Department of Cell Biology and Histology, Academic Medical Center, Amsterdam 1105AZ, The Netherlands.
J Biol Chem. 2013 Jun 14;288(24):17225-37. doi: 10.1074/jbc.M112.421685. Epub 2013 Apr 23.

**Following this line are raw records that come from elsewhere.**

(* Let $\Gamma$ be a connected, undirected graph without loops on $n\ge 2$ nodes, with adjacency matrix $\mathbf A$, degree matrix $\mathbf K=\mathrm{diag}\{k_i\}$ and Laplacian $\mathbf L=\mathbf K-\mathbf A$. Let $$\mathbf G=\begin{bmatrix}\mathbf 0 & \mathbf I\\ -\mathbf I & -\mathbf L\end{bmatrix}\in\mathbb R^{2n\times 2n},$$ and let $\mathbf U=\mathbf G(\mathbf G^{T}\mathbf G)^{-1/2}$ be the orthogonal factor of the polar decomposition $\mathbf G=\mathbf U\mathbf P$, $\mathbf P=(\mathbf G^T\mathbf G)^{1/2}$. For any initial condition $\mathbf y_0=(\mathbf x_0,\mathbf v_0)\in\mathbb R^{2n}$ define $$\tilde{\mathbf y}(t)=\frac1n\begin{pmatrix}\cos t\,\mathbf 1\mathbf x_0+\sin t\,\mathbf 1\mathbf v_0\\ -\sin t\,\mathbf 1\mathbf x_0+\cos t\,\mathbf 1\mathbf v_0\end{pmatrix},$$ where $\mathbf 1$ is the $n\times n$ matrix of all ones. Then both $e^{\mathbf G t}\mathbf y_0$ and $e^{\mathbf U t}\mathbf y_0$ have the same asymptotic behavior $\tilde{\mathbf y}(t)$ as $t\to+\infty$, i.e. $e^{\mathbf G t}\mathbf y_0-\tilde{\mathbf y}(t)\to \mathbf 0$ and $e^{\mathbf U t}\mathbf y_0-\tilde{\mathbf y}(t)\to\mathbf 0$ as $t\to+\infty$.
   Context: $\mathbf G^T\mathbf G$ is symmetric positive definite, so $(\mathbf G^T\mathbf G)^{\pm1/2}$ denote its positive definite square root and its inverse. $\mathbf I$ and $\mathbf 0$ are the $n\times n$ identity and zero matrices. The system $\dot{\mathbf y}=\mathbf G\mathbf y$ models $n$ identical unit-mass harmonic oscillators coupled by dampers along the edges of $\Gamma$. *)

theory Defs
  imports "HOL-Analysis.Analysis"
begin

definition adj_matrix :: "('n::finite \<Rightarrow> 'n \<Rightarrow> bool) \<Rightarrow> real^'n^'n" where
  "adj_matrix E = (\<chi> i j. if E i j then 1 else 0)"

definition degree_matrix :: "('n::finite \<Rightarrow> 'n \<Rightarrow> bool) \<Rightarrow> real^'n^'n" where
  "degree_matrix E = (\<chi> i j. if i = j then real (card {k. E i k}) else 0)"

definition laplacian :: "('n::finite \<Rightarrow> 'n \<Rightarrow> bool) \<Rightarrow> real^'n^'n" where
  "laplacian E = degree_matrix E - adj_matrix E"

text \<open>The 2n x 2n block matrix G = [[0, I], [-I, -L]], indices Inl = position block, Inr = velocity block.\<close>

definition block_G :: "real^'n^'n \<Rightarrow> real^('n::finite + 'n)^('n + 'n)" where
  "block_G L = (\<chi> a b. case (a, b) of
       (Inl i, Inl j) \<Rightarrow> 0
     | (Inl i, Inr j) \<Rightarrow> (if i = j then 1 else 0)
     | (Inr i, Inl j) \<Rightarrow> (if i = j then -1 else 0)
     | (Inr i, Inr j) \<Rightarrow> - (L $ i $ j))"

primrec mat_pow :: "real^'n^'n \<Rightarrow> nat \<Rightarrow> real^'n^'n" where
  "mat_pow M 0 = mat 1"
| "mat_pow M (Suc k) = M ** mat_pow M k"

definition mat_exp :: "real^'n::finite^'n \<Rightarrow> real^'n^'n" where
  "mat_exp M = (\<Sum>k. (1 / fact k) *\<^sub>R mat_pow M k)"

definition pos_def_matrix :: "real^'n::finite^'n \<Rightarrow> bool" where
  "pos_def_matrix P \<longleftrightarrow> transpose P = P \<and> (\<forall>x. x \<noteq> 0 \<longrightarrow> 0 < x \<bullet> (P *v x))"

definition mat_sqrt :: "real^'n::finite^'n \<Rightarrow> real^'n^'n" where
  "mat_sqrt M = (THE P. pos_def_matrix P \<and> P ** P = M)"

definition polar_U :: "real^'n::finite^'n \<Rightarrow> real^'n^'n" where
  "polar_U G = G ** matrix_inv (mat_sqrt (transpose G ** G))"
lemma card_cycle_edges:
  assumes "distinct vs" "length vs \<ge> 3"
  shows "card (cycle_edges vs) = length vs"
proof -
  let ?n = "length vs"
  let ?succ = "\<lambda>i. (i + 1) mod ?n"
  let ?edge = "\<lambda>i. {vs ! i, vs ! ?succ i}"
  have idx: "i = j" if "i < ?n" "j < ?n" "vs ! i = vs ! j" for i j
    using that assms(1) nth_eq_iff_index_eq by blast
  have "0 < ?n" using assms(2) by linarith
  then have succ_lt: "?succ i < ?n" for i by simp
  have "inj_on ?edge {..<?n}"
  proof
    fix i j assume i: "i \<in> {..<?n}" and j: "j \<in> {..<?n}" and "?edge i = ?edge j"
    then have "i = j \<and> ?succ i = ?succ j \<or> i = ?succ j \<and> ?succ i = j"
      using idx succ_lt by (auto simp: doubleton_eq_iff)
    moreover have "?succ (?succ i) \<noteq> i"
    proof -
      have "?succ (?succ i) = (i + 2) mod ?n" by (metis mod_add_left_eq one_add_one add.assoc)
      moreover have "(i + 2) mod ?n \<noteq> i"
        using i assms(2) by (cases "i + 2 < ?n") (auto simp: mod_if)
      ultimately show ?thesis by simp
    qed
    ultimately show "i = j" by auto
  qed
  moreover have "cycle_edges vs = ?edge ` {..<?n}" unfolding cycle_edges_def by auto
  ultimately show ?thesis by (simp add: card_image)
qed

section \<open>Two-colouring by walk parity\<close>

lemma even_walk_refl: "even_walk F a a"
  unfolding even_walk_def using walk_betw_singleton by fastforce

lemma odd_walk_sym: "odd_walk F a b \<Longrightarrow> odd_walk F b a"
  unfolding odd_walk_def using walk_betw_rev by fastforce

lemma reachable_if_odd_walk: "odd_walk F a b \<Longrightarrow> reachable F a b"
  unfolding odd_walk_def reachable_def by blast

lemma reachable_in_vertices:
  assumes "simple_graph V F" "a \<in> V" "reachable F a b"
  shows "b \<in> V"
proof -
  obtain p where p: "walk_betw F a p b" using assms(3) unfolding reachable_def by blast
  then have "b \<in> set p" unfolding walk_betw_def by auto
  then show ?thesis using walk_betw_vertices[OF assms(1,2) p] by blast
qed

lemma odd_walk_step:
  assumes "even_walk F a u" "{u, w} \<in> F"
  shows "odd_walk F a w"
proof -
  obtain p where p: "walk_betw F a p u" "even (length p - 1)"
    using assms(1) unfolding even_walk_def by blast
  then have "odd (length (p @ [w]) - 1)" by (cases p) (simp_all add: walk_betw_def)
  then show ?thesis using walk_betw_snoc[OF p(1) assms(2)] unfolding odd_walk_def by blast
qed

lemma even_walk_step:
  assumes "odd_walk F a u" "{u, w} \<in> F"
  shows "even_walk F a w"
proof -
  obtain p where p: "walk_betw F a p u" "odd (length p - 1)"
    using assms(1) unfolding odd_walk_def by blast
  then have "even (length (p @ [w]) - 1)" by (cases p) (simp_all add: walk_betw_def)
  then show ?thesis using walk_betw_snoc[OF p(1) assms(2)] unfolding even_walk_def by blast
qed

lemma odd_closed_walk_if_even_and_odd_walk:
  assumes "even_walk F a b" "odd_walk F a b"
  shows "odd_walk F a a"
proof -
  obtain p q where p: "walk_betw F a p b" "even (length p - 1)"
    and q: "walk_betw F a q b" "odd (length q - 1)"
    using assms unfolding even_walk_def odd_walk_def by blast
  have "walk_betw F a (p @ tl (rev q)) a"
    using walk_betw_append[OF p(1) walk_betw_rev[OF q(1)]] .
  moreover have "odd (length (p @ tl (rev q)) - 1)"
    using p q length_append_tl[of p "rev q"] by (simp add: walk_betw_def)
  ultimately show ?thesis unfolding odd_walk_def by blast
qed

definition parity_sign :: "'a set set \<Rightarrow> 'a \<Rightarrow> 'a \<Rightarrow> int" where
  "parity_sign F a v = (if even_walk F a v then 1 else if odd_walk F a v then -1 else 0)"

lemma parity_sign_edge:
  assumes "\<not> odd_walk F a a" and uw: "{u, w} \<in> F"
  shows "parity_sign F a u + parity_sign F a w = 0"
proof -
  have wu: "{w, u} \<in> F" using uw by (simp add: insert_commute)
  have not_both: "\<not> (even_walk F a v \<and> odd_walk F a v)" for v
    using assms(1) odd_closed_walk_if_even_and_odd_walk[of F a v] by blast
  consider (even) "even_walk F a u" | (odd) "\<not> even_walk F a u" "odd_walk F a u"
    | (neither) "\<not> even_walk F a u" "\<not> odd_walk F a u"
    by blast
  then show ?thesis
  proof cases
    case even
    then have "odd_walk F a w" "\<not> even_walk F a w"
      using odd_walk_step[OF _ uw] not_both by blast+
    then show ?thesis using even unfolding parity_sign_def by simp
  next
    case odd
    then have "even_walk F a w" using even_walk_step[OF _ uw] by blast
    then show ?thesis using odd unfolding parity_sign_def by simp
  next
    case neither
    then have "\<not> even_walk F a w" "\<not> odd_walk F a w"
      using odd_walk_step[OF _ wu] even_walk_step[OF _ wu] by blast+
    then show ?thesis using neither unfolding parity_sign_def by simp
  qed
qed

lemma parity_sign_eq_0_outside:
  "simple_graph V F \<Longrightarrow> a \<in> V \<Longrightarrow> v \<notin> V \<Longrightarrow> parity_sign F a v = 0"
  unfolding parity_sign_def even_walk_def odd_walk_def
  using reachable_in_vertices reachable_def by fastforce

lemma two_neq_zero_if_CHAR_neq_2: "CHAR('k::field) \<noteq> 2 \<Longrightarrow> (2::'k) \<noteq> 0"
proof
  assume "CHAR('k) \<noteq> 2" "(2::'k) = 0"
  then have "CHAR('k) dvd 2" using of_nat_eq_0_iff_char_dvd[where 'a='k, of 2] by simp
  moreover from this have "CHAR('k) \<le> 2" by (rule dvd_imp_le) simp
  ultimately show False using \<open>CHAR('k) \<noteq> 2\<close> CHAR_not_1[where 'a='k] by (cases "CHAR('k)") auto
qed

lemma nsq_doubleton: "u \<noteq> w \<Longrightarrow> {u, w} \<in> E \<Longrightarrow> nsq E \<theta> {u, w} = (\<theta> u + \<theta> w)\<^sup>2"
  by (simp add: nsq_def)
lemma vimage_Lmap_common_zeros:
  assumes "i < p"
  shows "Lmap p i -` common_zeros alpha d G = common_zeros alpha d (\<Union>s<p. cartier_vector alpha d i s ` G)"
proof -
  have "pow_comb alpha d g (p * n + i) = 0 \<longleftrightarrow> (\<forall>s<p. pow_comb alpha d (cartier_vector alpha d i s g) n = 0)"
    for g n
    using cartier_eq_0_iff[of "pow_comb alpha d g (p * n + i)"] by (simp add: cartier_pow_comb)
  then show ?thesis
    by (auto simp: common_zeros_def Lmap_def)
qed

lemma cartier_vector_bounded:
  assumes "i < p" and "\<And>j. j < d \<Longrightarrow> degree (alpha j) \<le> k"
    and "g \<in> bounded_vectors d ((p - 1) * k)"
  shows "cartier_vector alpha d i s g \<in> bounded_vectors d ((p - 1) * k)"
proof -
  have "degree (cartier s (g j * alpha j ^ i)) \<le> (p - 1) * k" if "j < d" for j
  proof -
    have "degree (g j * alpha j ^ i) \<le> degree (g j) + i * degree (alpha j)"
      by (rule order_trans[OF degree_mult_le]) (use degree_power_le[of "alpha j" i] in \<open>simp add: mult.commute\<close>)
    also have "\<dots> \<le> (p - 1) * k + (p - 1) * k"
      using assms \<open>j < d\<close> by (intro add_mono mult_mono) (auto simp: bounded_vectors_def)
    also have "\<dots> \<le> p * ((p - 1) * k)"
      using mult_le_mono1[OF prime_ge_2_nat[OF prime_p], of "(p - 1) * k"] by (simp only: mult_2)
    finally have "degree (g j * alpha j ^ i) div p \<le> p * ((p - 1) * k) div p"
      by (rule div_le_mono)
    then have "degree (g j * alpha j ^ i) div p \<le> (p - 1) * k"
      using p_pos by simp
    then show ?thesis
      using degree_cartier_le order_trans by blast
  qed
  then show ?thesis
    using assms(3) by (simp add: bounded_vectors_def cartier_vector_def)
qed

lemma kernel_sets_common_zeros:
  fixes alpha :: "nat \<Rightarrow> 'a poly"
  assumes "\<And>j. j < d \<Longrightarrow> degree (alpha j) \<le> k"
    and "G \<subseteq> bounded_vectors d ((p - 1) * k)"
    and "X \<in> kernel_sets p (common_zeros alpha d G)"
  shows "\<exists>G' \<subseteq> bounded_vectors d ((p - 1) * k). X = common_zeros alpha d G'"
proof -
  obtain r i where "i < p ^ r" "X = Lmap (p ^ r) i -` common_zeros alpha d G"
    using assms(3) by (auto simp: kernel_sets_def)
  then show ?thesis
    using assms(2)
  proof (induction r arbitrary: G i)
    case 0
    then have "Lmap (p ^ 0) i = id"
      by (simp add: Lmap_def fun_eq_iff)
    then show ?case
      using 0 by auto
  next
    case (Suc r)
    let ?G = "\<Union>s<p. cartier_vector alpha d (i mod p) s ` G"
    have "i div p < p ^ r"
      using Suc.prems(1) by (simp add: less_mult_imp_div_less mult.commute)
    moreover have "Lmap (p ^ Suc r) i = Lmap p (i mod p) \<circ> Lmap (p ^ r) (i div p)"
      using Lmap_mult_add[of p "p ^ r" "i div p" "i mod p"] by simp
    then have "X = Lmap (p ^ r) (i div p) -` (Lmap p (i mod p) -` common_zeros alpha d G)"
      using Suc.prems(2) by (simp only: vimage_comp)
    then have "X = Lmap (p ^ r) (i div p) -` common_zeros alpha d ?G"
      using p_pos by (simp add: vimage_Lmap_common_zeros)
    moreover have "cartier_vector alpha d (i mod p) s g \<in> bounded_vectors d ((p - 1) * k)"
      if "g \<in> G" for s g
      using p_pos Suc.prems(3) that by (intro cartier_vector_bounded assms(1)) auto
    then have "?G \<subseteq> bounded_vectors d ((p - 1) * k)"
      by blast
    ultimately show ?case
      by (rule Suc.IH)
  qed
qed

Fragments of proteins containing an expanded polyglutamine (polyQ) tract are thought to initiate aggregation and toxicity in at least nine neurodegenerative diseases, including Huntington's disease. Because proteasomes appear unable to digest the polyQ tract, which can initiate intracellular protein aggregation, preventing polyQ peptide aggregation by chaperones should greatly improve polyQ clearance and prevent aggregate formation. Here we expressed polyQ peptides in cells and show that their intracellular aggregation is prevented by DNAJB6 and DNAJB8, members of the DNAJ (Hsp40) chaperone family. In contrast, HSPA/Hsp70 and DNAJB1, also members of the DNAJ chaperone family, did not prevent peptide-initiated aggregation. Intriguingly, DNAJB6 and DNAJB8 also affected the soluble levels of polyQ peptides, indicating that DNAJB6 and DNAJB8 inhibit polyQ peptide aggregation directly. Together with recent data showing that purified DNAJB6 can suppress fibrillation of polyQ peptides far more efficiently than polyQ expanded protein fragments in vitro, we conclude that the mechanism of DNAJB6 and DNAJB8 is suppression of polyQ protein aggregation by directly binding the polyQ tract.
含有扩展多聚谷氨酰胺(polyQ)片段的蛋白质片段被认为至少在包括亨廷顿病在内的九种神经退行性疾病中引发聚集和毒性。由于蛋白酶体似乎无法消化多聚 Q 片段,而该片段可以引发细胞内蛋白质聚集,因此通过伴侣蛋白来防止 polyQ 肽聚集应该可以大大提高 polyQ 的清除率并防止聚集体形成。在这里,我们在细胞中表达了 polyQ 肽,并表明它们的细胞内聚集被 DNAJB6 和 DNAJB8 阻止,后者是 DNAJ(Hsp40)伴侣蛋白家族的成员。相比之下,HSPA/Hsp70 和 DNAJB1 也是 DNAJ 伴侣蛋白家族的成员,它们不能防止肽引发的聚集。有趣的是,DNAJB6 和 DNAJB8 还影响 polyQ 肽的可溶性水平,这表明 DNAJB6 和 DNAJB8 直接抑制 polyQ 肽的聚集。结合最近的数据表明,纯化的 DNAJB6 可以在体外比多聚 Q 扩展蛋白片段更有效地抑制 polyQ 肽的纤丝化,我们得出结论,DNAJB6 和 DNAJB8 的机制是通过直接结合 polyQ 片段来抑制 polyQ 蛋白聚集。